Exercise aim: Where a line in the listing below contains the word "unfolding", copy that line.
..........
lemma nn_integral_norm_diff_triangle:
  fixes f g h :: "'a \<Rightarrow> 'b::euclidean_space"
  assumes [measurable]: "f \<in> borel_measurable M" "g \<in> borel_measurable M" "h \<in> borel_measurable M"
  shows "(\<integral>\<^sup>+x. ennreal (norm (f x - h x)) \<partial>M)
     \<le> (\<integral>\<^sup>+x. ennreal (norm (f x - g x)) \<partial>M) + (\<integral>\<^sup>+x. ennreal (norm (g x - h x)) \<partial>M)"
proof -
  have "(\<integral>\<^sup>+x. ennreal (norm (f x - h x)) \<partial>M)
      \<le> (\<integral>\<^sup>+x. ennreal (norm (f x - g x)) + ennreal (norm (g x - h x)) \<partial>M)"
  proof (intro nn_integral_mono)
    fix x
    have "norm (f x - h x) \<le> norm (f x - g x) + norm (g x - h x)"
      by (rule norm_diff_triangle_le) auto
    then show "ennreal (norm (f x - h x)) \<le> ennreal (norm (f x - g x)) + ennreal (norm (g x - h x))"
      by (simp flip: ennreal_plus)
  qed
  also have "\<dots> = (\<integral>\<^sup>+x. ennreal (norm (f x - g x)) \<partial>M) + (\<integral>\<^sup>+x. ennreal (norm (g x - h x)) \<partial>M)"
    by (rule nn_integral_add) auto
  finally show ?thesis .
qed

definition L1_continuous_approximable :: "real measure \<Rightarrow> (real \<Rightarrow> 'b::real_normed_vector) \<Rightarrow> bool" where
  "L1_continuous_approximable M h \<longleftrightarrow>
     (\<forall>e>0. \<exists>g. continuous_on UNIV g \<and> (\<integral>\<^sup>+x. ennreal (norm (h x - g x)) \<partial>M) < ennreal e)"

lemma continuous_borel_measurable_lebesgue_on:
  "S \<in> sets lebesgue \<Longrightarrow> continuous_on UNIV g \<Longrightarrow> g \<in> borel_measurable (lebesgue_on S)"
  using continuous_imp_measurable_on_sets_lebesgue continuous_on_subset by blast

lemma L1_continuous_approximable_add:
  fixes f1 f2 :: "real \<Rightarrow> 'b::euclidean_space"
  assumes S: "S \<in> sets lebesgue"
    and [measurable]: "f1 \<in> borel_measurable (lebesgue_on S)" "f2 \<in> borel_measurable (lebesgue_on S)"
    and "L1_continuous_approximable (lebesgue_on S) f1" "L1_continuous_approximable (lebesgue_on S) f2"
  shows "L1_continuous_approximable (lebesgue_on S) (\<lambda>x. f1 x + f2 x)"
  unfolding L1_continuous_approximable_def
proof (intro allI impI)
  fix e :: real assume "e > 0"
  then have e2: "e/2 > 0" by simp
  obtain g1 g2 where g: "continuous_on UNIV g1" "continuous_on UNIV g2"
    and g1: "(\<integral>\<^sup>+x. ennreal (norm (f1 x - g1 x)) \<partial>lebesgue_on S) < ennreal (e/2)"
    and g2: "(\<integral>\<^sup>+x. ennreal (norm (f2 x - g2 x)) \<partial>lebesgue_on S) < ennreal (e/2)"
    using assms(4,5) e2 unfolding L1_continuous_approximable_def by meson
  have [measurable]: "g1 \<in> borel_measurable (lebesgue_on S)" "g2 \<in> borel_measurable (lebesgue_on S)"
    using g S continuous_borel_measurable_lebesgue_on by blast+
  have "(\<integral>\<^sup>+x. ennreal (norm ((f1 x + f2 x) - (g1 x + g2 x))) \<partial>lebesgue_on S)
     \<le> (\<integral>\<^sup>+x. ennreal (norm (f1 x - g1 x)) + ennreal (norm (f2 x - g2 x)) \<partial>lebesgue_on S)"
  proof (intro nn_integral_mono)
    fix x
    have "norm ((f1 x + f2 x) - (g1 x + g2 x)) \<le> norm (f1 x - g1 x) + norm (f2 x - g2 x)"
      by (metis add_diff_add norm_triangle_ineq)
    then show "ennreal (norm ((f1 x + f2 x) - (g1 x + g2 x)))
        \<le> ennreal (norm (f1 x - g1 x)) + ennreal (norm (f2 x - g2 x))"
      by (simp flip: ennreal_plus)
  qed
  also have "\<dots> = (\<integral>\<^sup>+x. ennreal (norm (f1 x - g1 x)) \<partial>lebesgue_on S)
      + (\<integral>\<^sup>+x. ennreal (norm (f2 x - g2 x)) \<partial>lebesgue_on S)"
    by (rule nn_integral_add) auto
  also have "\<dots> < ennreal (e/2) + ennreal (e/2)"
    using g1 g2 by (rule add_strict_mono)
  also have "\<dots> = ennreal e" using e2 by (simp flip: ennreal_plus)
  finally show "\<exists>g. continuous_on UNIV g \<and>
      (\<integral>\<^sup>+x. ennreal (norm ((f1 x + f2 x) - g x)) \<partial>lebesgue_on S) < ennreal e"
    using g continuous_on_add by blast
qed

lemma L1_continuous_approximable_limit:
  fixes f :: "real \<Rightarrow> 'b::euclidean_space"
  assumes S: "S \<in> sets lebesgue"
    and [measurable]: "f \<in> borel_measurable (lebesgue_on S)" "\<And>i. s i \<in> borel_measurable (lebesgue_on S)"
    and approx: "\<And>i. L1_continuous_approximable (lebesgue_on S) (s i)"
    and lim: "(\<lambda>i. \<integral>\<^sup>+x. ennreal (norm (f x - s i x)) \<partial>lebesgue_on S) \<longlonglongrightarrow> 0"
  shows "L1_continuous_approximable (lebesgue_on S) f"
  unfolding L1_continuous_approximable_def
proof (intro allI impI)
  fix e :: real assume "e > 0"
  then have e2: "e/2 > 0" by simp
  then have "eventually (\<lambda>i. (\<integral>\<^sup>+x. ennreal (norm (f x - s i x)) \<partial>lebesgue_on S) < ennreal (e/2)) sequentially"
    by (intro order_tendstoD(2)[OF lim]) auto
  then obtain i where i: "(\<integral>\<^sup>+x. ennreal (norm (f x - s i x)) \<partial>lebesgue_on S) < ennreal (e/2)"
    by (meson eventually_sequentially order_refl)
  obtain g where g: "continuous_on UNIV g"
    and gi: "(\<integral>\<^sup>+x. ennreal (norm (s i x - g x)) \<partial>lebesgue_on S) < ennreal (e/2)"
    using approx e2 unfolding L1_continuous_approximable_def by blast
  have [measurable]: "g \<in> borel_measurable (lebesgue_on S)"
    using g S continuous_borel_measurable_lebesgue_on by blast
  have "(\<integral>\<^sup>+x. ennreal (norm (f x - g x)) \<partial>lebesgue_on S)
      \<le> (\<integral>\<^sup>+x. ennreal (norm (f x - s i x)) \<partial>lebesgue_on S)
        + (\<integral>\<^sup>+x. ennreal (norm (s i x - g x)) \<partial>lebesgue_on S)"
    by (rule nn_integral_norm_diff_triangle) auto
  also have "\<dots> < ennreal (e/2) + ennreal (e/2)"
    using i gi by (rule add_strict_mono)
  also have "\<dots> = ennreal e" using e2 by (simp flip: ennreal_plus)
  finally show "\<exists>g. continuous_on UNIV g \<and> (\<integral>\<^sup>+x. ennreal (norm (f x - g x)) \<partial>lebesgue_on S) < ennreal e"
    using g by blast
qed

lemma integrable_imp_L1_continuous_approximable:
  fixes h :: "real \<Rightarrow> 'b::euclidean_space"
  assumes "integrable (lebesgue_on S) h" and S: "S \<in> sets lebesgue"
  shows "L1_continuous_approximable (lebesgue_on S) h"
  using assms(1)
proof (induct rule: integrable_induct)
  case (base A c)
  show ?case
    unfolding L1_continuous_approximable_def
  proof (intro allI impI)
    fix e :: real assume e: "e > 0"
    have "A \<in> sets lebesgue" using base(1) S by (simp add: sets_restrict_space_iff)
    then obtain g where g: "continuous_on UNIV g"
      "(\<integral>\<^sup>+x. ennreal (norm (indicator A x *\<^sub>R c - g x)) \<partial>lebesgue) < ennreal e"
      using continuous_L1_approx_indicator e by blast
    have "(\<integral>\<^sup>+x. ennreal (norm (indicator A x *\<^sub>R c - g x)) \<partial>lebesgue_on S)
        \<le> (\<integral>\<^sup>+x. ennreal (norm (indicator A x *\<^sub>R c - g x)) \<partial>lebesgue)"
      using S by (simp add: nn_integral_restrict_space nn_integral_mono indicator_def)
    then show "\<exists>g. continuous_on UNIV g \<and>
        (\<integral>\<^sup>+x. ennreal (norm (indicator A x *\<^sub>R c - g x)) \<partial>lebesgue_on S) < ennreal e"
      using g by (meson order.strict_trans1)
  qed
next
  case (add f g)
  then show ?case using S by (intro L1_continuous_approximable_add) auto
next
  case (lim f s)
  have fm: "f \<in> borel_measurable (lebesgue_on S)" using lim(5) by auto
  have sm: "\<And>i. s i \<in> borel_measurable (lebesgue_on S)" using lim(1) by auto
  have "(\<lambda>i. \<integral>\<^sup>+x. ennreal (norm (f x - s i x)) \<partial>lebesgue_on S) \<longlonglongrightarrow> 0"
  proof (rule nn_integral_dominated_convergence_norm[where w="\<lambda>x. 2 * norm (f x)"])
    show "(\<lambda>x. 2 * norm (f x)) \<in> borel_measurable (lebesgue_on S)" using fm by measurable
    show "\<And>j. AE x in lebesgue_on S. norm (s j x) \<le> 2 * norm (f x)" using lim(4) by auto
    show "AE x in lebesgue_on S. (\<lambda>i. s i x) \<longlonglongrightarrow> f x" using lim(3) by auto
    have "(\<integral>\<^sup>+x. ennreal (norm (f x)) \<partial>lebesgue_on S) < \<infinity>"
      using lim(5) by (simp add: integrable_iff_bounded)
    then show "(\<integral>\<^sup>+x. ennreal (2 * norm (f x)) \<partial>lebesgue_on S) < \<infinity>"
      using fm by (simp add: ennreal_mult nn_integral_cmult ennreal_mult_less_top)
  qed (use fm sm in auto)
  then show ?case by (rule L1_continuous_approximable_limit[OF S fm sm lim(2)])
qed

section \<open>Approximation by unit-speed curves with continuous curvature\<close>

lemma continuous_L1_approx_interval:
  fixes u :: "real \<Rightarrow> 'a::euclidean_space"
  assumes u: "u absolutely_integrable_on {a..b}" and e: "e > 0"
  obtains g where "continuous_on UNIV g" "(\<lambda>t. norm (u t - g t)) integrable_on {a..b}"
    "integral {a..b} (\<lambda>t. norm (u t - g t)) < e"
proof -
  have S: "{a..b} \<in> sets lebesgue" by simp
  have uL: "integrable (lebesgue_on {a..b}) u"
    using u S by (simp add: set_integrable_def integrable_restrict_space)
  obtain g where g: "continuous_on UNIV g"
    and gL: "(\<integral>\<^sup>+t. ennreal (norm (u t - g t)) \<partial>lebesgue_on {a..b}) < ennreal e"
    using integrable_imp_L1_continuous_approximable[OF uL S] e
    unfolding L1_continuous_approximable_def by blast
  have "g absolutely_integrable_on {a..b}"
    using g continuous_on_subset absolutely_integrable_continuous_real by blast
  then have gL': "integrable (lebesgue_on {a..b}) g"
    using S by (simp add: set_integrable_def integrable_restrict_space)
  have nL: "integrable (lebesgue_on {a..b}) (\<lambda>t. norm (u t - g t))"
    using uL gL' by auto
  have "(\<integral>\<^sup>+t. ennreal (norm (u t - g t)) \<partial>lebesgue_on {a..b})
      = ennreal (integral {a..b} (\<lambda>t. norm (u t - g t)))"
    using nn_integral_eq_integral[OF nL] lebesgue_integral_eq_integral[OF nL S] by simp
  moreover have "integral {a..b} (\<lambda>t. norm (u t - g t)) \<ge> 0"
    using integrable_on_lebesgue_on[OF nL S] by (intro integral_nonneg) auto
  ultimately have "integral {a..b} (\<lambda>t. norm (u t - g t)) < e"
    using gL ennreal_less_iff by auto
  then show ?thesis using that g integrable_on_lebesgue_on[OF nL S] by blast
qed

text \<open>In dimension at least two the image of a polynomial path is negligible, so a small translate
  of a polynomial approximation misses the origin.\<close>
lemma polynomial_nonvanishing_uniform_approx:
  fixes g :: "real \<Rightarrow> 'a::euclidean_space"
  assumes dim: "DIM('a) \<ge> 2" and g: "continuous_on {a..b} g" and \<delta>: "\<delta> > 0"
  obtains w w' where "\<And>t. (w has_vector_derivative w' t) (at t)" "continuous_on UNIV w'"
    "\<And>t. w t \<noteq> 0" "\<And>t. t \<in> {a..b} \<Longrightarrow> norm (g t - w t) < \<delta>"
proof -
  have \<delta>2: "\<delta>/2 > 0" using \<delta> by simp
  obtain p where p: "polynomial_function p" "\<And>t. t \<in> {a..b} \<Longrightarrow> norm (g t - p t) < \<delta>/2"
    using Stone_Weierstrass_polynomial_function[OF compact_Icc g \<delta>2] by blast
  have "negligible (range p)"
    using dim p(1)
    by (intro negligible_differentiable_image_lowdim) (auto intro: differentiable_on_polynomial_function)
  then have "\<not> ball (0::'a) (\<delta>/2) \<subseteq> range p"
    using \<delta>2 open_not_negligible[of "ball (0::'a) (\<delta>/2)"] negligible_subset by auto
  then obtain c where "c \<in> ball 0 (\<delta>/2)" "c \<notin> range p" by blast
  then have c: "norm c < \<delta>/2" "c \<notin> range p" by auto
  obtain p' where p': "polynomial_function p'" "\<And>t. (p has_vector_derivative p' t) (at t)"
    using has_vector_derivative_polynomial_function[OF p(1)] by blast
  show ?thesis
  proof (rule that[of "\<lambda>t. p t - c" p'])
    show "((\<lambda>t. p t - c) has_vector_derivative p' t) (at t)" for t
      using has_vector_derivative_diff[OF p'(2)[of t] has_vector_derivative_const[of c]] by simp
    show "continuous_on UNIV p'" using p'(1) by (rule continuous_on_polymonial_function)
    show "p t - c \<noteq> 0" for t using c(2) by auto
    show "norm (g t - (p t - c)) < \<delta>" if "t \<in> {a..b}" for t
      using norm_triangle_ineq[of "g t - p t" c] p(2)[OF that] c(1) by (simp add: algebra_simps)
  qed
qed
..........
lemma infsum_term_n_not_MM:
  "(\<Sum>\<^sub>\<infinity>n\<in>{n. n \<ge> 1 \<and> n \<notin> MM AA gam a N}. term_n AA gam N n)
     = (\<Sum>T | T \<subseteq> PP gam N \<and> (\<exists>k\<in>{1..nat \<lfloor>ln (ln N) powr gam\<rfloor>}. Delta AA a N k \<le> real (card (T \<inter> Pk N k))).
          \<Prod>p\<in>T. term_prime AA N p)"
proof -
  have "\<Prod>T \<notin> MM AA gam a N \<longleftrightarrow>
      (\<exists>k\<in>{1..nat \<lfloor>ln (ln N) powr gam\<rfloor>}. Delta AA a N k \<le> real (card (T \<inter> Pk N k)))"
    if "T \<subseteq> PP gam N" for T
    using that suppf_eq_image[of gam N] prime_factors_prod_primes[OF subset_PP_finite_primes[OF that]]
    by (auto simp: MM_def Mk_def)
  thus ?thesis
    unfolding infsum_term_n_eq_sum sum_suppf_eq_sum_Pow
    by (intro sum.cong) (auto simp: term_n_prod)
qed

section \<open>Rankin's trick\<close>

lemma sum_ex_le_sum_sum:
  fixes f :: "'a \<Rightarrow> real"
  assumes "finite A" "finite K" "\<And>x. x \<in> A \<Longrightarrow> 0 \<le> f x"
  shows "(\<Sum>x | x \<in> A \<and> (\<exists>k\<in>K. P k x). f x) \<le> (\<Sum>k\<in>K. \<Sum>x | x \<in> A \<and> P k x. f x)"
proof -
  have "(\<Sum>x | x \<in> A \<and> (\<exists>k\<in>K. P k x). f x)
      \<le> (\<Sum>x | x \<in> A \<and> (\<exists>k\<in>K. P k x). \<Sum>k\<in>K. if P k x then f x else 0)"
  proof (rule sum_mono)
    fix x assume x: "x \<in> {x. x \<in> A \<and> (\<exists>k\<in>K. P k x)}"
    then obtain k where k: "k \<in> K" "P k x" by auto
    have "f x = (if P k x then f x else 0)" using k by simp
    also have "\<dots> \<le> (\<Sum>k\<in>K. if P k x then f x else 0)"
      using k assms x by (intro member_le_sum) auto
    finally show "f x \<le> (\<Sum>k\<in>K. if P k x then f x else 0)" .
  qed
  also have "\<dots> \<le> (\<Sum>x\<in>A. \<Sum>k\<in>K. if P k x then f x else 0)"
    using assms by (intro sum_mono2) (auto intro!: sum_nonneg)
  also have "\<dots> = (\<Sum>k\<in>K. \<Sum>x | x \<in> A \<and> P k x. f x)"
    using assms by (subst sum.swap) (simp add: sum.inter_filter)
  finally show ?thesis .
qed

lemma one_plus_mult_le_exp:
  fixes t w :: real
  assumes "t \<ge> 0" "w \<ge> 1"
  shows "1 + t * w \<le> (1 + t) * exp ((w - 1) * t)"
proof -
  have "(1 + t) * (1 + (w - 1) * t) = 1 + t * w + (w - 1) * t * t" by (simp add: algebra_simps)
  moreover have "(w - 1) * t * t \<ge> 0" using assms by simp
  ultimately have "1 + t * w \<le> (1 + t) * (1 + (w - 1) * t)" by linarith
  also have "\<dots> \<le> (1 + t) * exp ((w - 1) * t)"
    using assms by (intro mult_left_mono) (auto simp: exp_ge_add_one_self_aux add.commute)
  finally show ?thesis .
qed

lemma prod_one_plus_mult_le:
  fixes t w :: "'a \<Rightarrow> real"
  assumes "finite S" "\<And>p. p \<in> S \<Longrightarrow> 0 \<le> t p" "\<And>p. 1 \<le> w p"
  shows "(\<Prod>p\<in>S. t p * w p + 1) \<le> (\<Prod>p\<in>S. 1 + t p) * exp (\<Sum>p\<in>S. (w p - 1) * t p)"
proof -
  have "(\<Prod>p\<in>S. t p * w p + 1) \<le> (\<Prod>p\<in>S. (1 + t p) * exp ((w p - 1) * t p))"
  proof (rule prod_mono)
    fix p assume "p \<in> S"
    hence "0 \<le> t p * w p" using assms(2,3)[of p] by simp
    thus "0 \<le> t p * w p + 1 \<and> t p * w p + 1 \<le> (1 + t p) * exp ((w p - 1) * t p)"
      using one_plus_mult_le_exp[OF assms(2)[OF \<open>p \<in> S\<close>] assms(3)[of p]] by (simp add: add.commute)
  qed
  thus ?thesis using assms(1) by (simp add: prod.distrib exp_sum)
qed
..........
Exercise output:
  unfolding L1_continuous_approximable_def
    using assms(4,5) e2 unfolding L1_continuous_approximable_def by meson
  unfolding L1_continuous_approximable_def
    using approx e2 unfolding L1_continuous_approximable_def by blast
    unfolding L1_continuous_approximable_def
    unfolding L1_continuous_approximable_def by blast
    unfolding infsum_term_n_eq_sum sum_suppf_eq_sum_Pow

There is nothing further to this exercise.